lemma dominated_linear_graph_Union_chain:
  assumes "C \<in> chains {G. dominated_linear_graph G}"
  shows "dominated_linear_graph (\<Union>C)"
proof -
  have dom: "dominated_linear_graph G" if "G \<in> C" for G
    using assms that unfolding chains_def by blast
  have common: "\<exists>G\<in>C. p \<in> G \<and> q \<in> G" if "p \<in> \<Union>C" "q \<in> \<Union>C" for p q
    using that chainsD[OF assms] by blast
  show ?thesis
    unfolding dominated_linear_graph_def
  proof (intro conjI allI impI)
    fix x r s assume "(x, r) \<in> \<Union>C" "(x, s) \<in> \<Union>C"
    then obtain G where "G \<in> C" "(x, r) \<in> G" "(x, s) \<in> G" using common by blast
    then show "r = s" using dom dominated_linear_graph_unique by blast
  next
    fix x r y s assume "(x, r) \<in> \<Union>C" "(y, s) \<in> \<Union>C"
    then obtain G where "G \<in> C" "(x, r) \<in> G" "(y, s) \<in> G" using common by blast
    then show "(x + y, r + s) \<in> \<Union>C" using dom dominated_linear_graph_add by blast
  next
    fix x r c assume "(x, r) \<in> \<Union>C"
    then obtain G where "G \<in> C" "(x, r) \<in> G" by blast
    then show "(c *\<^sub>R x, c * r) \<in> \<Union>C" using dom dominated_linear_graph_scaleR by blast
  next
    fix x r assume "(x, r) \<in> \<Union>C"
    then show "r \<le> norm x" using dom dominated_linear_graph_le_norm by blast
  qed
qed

§ Work order
Beginning with the line that contains "fix x r c assume", restate word for word each line through the last one in the data, and write nothing more.

§ Exercise response
    fix x r c assume "(x, r) \<in> \<Union>C"
    then obtain G where "G \<in> C" "(x, r) \<in> G" by blast
    then show "(c *\<^sub>R x, c * r) \<in> \<Union>C" using dom dominated_linear_graph_scaleR by blast
  next
    fix x r assume "(x, r) \<in> \<Union>C"
    then show "r \<le> norm x" using dom dominated_linear_graph_le_norm by blast
  qed
qed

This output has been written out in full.